*** Block opens ***
lemma bil_overlattice_Ints: "x \<in> overlattice \<Longrightarrow> y \<in> overlattice \<Longrightarrow> bil (gram G) x y \<in> \<int>"
  by (simp add: overlattice_def bil_embed HS16_inner_Ints)

lemma intvecs_subset_overlattice: "intvecs \<subseteq> overlattice"
proof
  fix x assume "x \<in> intvecs"
  then have "x $ i *\<^sub>R b i \<in> HS16" for i
    by (intro HS16_scaleR basis_HS16) (simp add: intvecs_def)
  then show "x \<in> overlattice"
    unfolding overlattice_def embed_def by (simp add: HS16_sum)
qed

lemma overlattice_subset_dual_lattice: "overlattice \<subseteq> dual_lattice G"
  unfolding dual_lattice_def using bil_overlattice_Ints intvecs_subset_overlattice by blast

definition unit_preimage :: "16 \<Rightarrow> real^16" where
  "unit_preimage i = inv_into UNIV embed (axis i 1)"

lemma embed_unit_preimage: "embed (unit_preimage i) = axis i 1"
  unfolding unit_preimage_def by (rule surj_f_inv_f[OF surj_embed])

definition double_unit :: "16 \<Rightarrow> int \<Rightarrow> real^16" where
  "double_unit i s = of_int s *\<^sub>R 2 *\<^sub>R unit_preimage i"

lemma double_unit_overlattice: "double_unit i s \<in> overlattice"
  using HS16_scaleR[OF _ two_axis_HS16]
  by (simp add: double_unit_def overlattice_def linear_scale[OF linear_embed] embed_unit_preimage)

end

section \<open>Rootless sublattices with discriminant group \<open>5\<^sup>4\<close>\<close>

lemma dvd_625_ge_31: "(d::nat) dvd 625 \<Longrightarrow> 31 \<le> d \<Longrightarrow> d = 125 \<or> d = 625"
proof -
  assume "d dvd 625" "31 \<le> d"
  moreover obtain m where "m \<le> 4" "d = 5 ^ m"
    using divides_primepow_nat[of 5 d 4] \<open>d dvd 625\<close> by auto
  moreover have "m = 0 \<or> m = 1 \<or> m = 2 \<or> m = 3 \<or> m = 4"
    using \<open>m \<le> 4\<close> by arith
  ultimately show ?thesis
    by auto
qed

locale rootless_5_4_sublattice = HS16_sublattice +
  assumes rootless: "rootless G"
    and disc_iso: "discriminant_group G \<cong> elem_ab_5_4"
begin

lemma card_disc_classes: "card (disc_class G ` dual_lattice G) = 625"
  using iso_same_card[OF disc_iso] by (simp add: card_elem_ab_5_4 carrier_discriminant_group)

lemma finite_disc_classes: "finite (disc_class G ` dual_lattice G)"
  using card_disc_classes by (intro card_ge_0_finite) simp

lemma intvecs_if_two_scaleR_intvecs:
  assumes "x \<in> dual_lattice G" "2 *\<^sub>R x \<in> intvecs"
  shows "x \<in> intvecs"
  using intvecs_if_coprime_multiples[of 2 5 x] assms
    five_scaleR_dual_lattice_intvecs[OF disc_iso assms(1)] by simp

text \<open>Two distinct classes among the \<open>\<pm>2e\<^sub>i\<close> would differ by twice a root of \<open>Q\<close>.\<close>

lemma disc_class_double_unit_neq:
  assumes "i \<noteq> j" "s \<in> {1, -1}" "t \<in> {1, -1}"
  shows "disc_class G (double_unit i s) \<noteq> disc_class G (double_unit j t)"
proof
  define x where "x = of_int s *\<^sub>R unit_preimage i - of_int t *\<^sub>R unit_preimage j"
  assume "disc_class G (double_unit i s) = disc_class G (double_unit j t)"
  moreover have "double_unit i s - double_unit j t = 2 *\<^sub>R x"
    by (simp add: double_unit_def x_def algebra_simps)
  ultimately have "2 *\<^sub>R x \<in> intvecs"
    by (simp add: disc_class_eq_iff)
  moreover have ex: "embed x = of_int s *\<^sub>R axis i 1 - of_int t *\<^sub>R axis j 1"
    by (simp add: x_def linear_diff[OF linear_embed] linear_scale[OF linear_embed]
        embed_unit_preimage)
  then have "x \<in> overlattice"
    using signed_axis_diff_HS16[OF assms(2,3)] by (simp add: overlattice_def)
  ultimately have "x \<in> intvecs"
    using overlattice_subset_dual_lattice by (blast intro: intvecs_if_two_scaleR_intvecs)
  moreover have "bil (gram G) x x = 2"
    using inner_signed_axis_diff[OF assms] by (simp add: bil_embed ex)
  ultimately show False
    using rootless unfolding rootless_def by blast
qed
*** Block closes ***
# [Your task]
Give every entry again, exactly as it reads.

# [Your solution]
lemma bil_overlattice_Ints: "x \<in> overlattice \<Longrightarrow> y \<in> overlattice \<Longrightarrow> bil (gram G) x y \<in> \<int>"
  by (simp add: overlattice_def bil_embed HS16_inner_Ints)

lemma intvecs_subset_overlattice: "intvecs \<subseteq> overlattice"
proof
  fix x assume "x \<in> intvecs"
  then have "x $ i *\<^sub>R b i \<in> HS16" for i
    by (intro HS16_scaleR basis_HS16) (simp add: intvecs_def)
  then show "x \<in> overlattice"
    unfolding overlattice_def embed_def by (simp add: HS16_sum)
qed

lemma overlattice_subset_dual_lattice: "overlattice \<subseteq> dual_lattice G"
  unfolding dual_lattice_def using bil_overlattice_Ints intvecs_subset_overlattice by blast

definition unit_preimage :: "16 \<Rightarrow> real^16" where
  "unit_preimage i = inv_into UNIV embed (axis i 1)"

lemma embed_unit_preimage: "embed (unit_preimage i) = axis i 1"
  unfolding unit_preimage_def by (rule surj_f_inv_f[OF surj_embed])

definition double_unit :: "16 \<Rightarrow> int \<Rightarrow> real^16" where
  "double_unit i s = of_int s *\<^sub>R 2 *\<^sub>R unit_preimage i"

lemma double_unit_overlattice: "double_unit i s \<in> overlattice"
  using HS16_scaleR[OF _ two_axis_HS16]
  by (simp add: double_unit_def overlattice_def linear_scale[OF linear_embed] embed_unit_preimage)

end

section \<open>Rootless sublattices with discriminant group \<open>5\<^sup>4\<close>\<close>

lemma dvd_625_ge_31: "(d::nat) dvd 625 \<Longrightarrow> 31 \<le> d \<Longrightarrow> d = 125 \<or> d = 625"
proof -
  assume "d dvd 625" "31 \<le> d"
  moreover obtain m where "m \<le> 4" "d = 5 ^ m"
    using divides_primepow_nat[of 5 d 4] \<open>d dvd 625\<close> by auto
  moreover have "m = 0 \<or> m = 1 \<or> m = 2 \<or> m = 3 \<or> m = 4"
    using \<open>m \<le> 4\<close> by arith
  ultimately show ?thesis
    by auto
qed

locale rootless_5_4_sublattice = HS16_sublattice +
  assumes rootless: "rootless G"
    and disc_iso: "discriminant_group G \<cong> elem_ab_5_4"
begin

lemma card_disc_classes: "card (disc_class G ` dual_lattice G) = 625"
  using iso_same_card[OF disc_iso] by (simp add: card_elem_ab_5_4 carrier_discriminant_group)

lemma finite_disc_classes: "finite (disc_class G ` dual_lattice G)"
  using card_disc_classes by (intro card_ge_0_finite) simp

lemma intvecs_if_two_scaleR_intvecs:
  assumes "x \<in> dual_lattice G" "2 *\<^sub>R x \<in> intvecs"
  shows "x \<in> intvecs"
  using intvecs_if_coprime_multiples[of 2 5 x] assms
    five_scaleR_dual_lattice_intvecs[OF disc_iso assms(1)] by simp

text \<open>Two distinct classes among the \<open>\<pm>2e\<^sub>i\<close> would differ by twice a root of \<open>Q\<close>.\<close>

lemma disc_class_double_unit_neq:
  assumes "i \<noteq> j" "s \<in> {1, -1}" "t \<in> {1, -1}"
  shows "disc_class G (double_unit i s) \<noteq> disc_class G (double_unit j t)"
proof
  define x where "x = of_int s *\<^sub>R unit_preimage i - of_int t *\<^sub>R unit_preimage j"
  assume "disc_class G (double_unit i s) = disc_class G (double_unit j t)"
  moreover have "double_unit i s - double_unit j t = 2 *\<^sub>R x"
    by (simp add: double_unit_def x_def algebra_simps)
  ultimately have "2 *\<^sub>R x \<in> intvecs"
    by (simp add: disc_class_eq_iff)
  moreover have ex: "embed x = of_int s *\<^sub>R axis i 1 - of_int t *\<^sub>R axis j 1"
    by (simp add: x_def linear_diff[OF linear_embed] linear_scale[OF linear_embed]
        embed_unit_preimage)
  then have "x \<in> overlattice"
    using signed_axis_diff_HS16[OF assms(2,3)] by (simp add: overlattice_def)
  ultimately have "x \<in> intvecs"
    using overlattice_subset_dual_lattice by (blast intro: intvecs_if_two_scaleR_intvecs)
  moreover have "bil (gram G) x x = 2"
    using inner_signed_axis_diff[OF assms] by (simp add: bil_embed ex)
  ultimately show False
    using rootless unfolding rootless_def by blast
qed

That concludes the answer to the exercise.